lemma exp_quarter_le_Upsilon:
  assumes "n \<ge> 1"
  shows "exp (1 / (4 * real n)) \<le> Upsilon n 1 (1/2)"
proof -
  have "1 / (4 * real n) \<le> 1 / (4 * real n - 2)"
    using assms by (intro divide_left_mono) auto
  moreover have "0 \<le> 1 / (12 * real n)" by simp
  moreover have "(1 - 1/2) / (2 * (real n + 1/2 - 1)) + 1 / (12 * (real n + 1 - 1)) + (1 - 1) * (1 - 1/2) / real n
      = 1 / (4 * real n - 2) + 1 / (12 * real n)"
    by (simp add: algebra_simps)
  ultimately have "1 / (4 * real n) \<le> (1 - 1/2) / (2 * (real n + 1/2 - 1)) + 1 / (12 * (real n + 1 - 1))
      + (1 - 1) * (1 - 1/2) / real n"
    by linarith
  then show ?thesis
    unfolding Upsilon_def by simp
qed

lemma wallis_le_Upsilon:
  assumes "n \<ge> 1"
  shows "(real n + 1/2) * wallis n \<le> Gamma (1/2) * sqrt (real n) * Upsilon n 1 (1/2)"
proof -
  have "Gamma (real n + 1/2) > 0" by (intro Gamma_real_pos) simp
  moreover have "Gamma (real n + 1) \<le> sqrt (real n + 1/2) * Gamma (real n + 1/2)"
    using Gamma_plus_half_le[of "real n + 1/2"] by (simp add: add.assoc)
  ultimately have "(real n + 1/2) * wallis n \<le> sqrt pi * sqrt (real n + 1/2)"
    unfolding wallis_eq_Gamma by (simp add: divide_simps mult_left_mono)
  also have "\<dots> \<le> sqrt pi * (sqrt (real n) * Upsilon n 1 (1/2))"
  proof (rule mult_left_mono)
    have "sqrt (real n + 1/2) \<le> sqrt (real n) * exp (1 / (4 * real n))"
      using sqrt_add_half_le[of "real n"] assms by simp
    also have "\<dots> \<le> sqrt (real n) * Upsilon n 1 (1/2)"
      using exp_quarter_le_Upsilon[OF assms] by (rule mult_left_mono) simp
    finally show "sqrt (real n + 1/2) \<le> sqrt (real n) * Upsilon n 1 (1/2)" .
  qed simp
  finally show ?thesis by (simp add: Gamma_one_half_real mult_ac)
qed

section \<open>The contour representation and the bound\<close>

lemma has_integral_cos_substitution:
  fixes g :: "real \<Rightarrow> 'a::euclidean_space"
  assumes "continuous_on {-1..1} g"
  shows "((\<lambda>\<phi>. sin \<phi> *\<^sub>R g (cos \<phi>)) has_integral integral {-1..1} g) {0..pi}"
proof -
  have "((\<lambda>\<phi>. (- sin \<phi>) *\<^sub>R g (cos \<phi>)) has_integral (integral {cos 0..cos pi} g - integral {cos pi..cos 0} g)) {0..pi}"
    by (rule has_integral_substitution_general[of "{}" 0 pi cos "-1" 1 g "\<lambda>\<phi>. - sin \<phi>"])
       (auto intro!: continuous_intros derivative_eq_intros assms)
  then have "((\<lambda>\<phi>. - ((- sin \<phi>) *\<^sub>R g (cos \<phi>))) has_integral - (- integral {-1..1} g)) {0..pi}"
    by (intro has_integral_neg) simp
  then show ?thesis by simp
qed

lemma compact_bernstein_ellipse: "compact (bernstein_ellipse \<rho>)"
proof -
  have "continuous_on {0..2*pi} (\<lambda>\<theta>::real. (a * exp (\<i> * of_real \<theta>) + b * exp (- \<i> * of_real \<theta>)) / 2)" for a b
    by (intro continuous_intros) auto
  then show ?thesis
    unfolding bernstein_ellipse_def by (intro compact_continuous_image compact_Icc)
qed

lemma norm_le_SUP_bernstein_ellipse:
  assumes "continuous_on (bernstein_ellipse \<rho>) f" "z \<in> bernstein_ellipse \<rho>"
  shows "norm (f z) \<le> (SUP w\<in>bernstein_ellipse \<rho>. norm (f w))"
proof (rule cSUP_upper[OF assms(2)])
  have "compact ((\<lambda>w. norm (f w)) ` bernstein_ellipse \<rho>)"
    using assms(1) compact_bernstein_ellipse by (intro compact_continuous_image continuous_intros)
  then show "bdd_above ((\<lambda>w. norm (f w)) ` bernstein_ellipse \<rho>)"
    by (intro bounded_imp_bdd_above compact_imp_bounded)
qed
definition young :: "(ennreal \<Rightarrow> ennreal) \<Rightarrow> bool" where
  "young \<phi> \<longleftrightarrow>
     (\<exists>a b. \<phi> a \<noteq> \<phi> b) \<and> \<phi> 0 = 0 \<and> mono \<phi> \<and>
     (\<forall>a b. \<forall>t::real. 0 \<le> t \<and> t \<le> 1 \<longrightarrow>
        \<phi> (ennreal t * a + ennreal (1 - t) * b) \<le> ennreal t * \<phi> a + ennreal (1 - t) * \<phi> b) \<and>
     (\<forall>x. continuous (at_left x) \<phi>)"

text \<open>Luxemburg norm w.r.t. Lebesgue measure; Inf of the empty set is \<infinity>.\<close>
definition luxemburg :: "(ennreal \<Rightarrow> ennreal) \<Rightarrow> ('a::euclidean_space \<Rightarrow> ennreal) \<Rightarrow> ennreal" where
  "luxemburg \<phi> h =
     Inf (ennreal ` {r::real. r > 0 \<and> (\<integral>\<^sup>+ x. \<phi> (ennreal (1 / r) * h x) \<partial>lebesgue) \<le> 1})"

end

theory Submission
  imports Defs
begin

==========

> [What is required]: Which lines run from the one holding "(real n) * exp" through the one holding "using exp_quarter_le_Upsilon[OF assms]" in the records above? Repeat them exactly, both included, and nothing more.

> [Answer to this problem]:
    have "sqrt (real n + 1/2) \<le> sqrt (real n) * exp (1 / (4 * real n))"
      using sqrt_add_half_le[of "real n"] assms by simp
    also have "\<dots> \<le> sqrt (real n) * Upsilon n 1 (1/2)"
      using exp_quarter_le_Upsilon[OF assms] by (rule mult_left_mono) simp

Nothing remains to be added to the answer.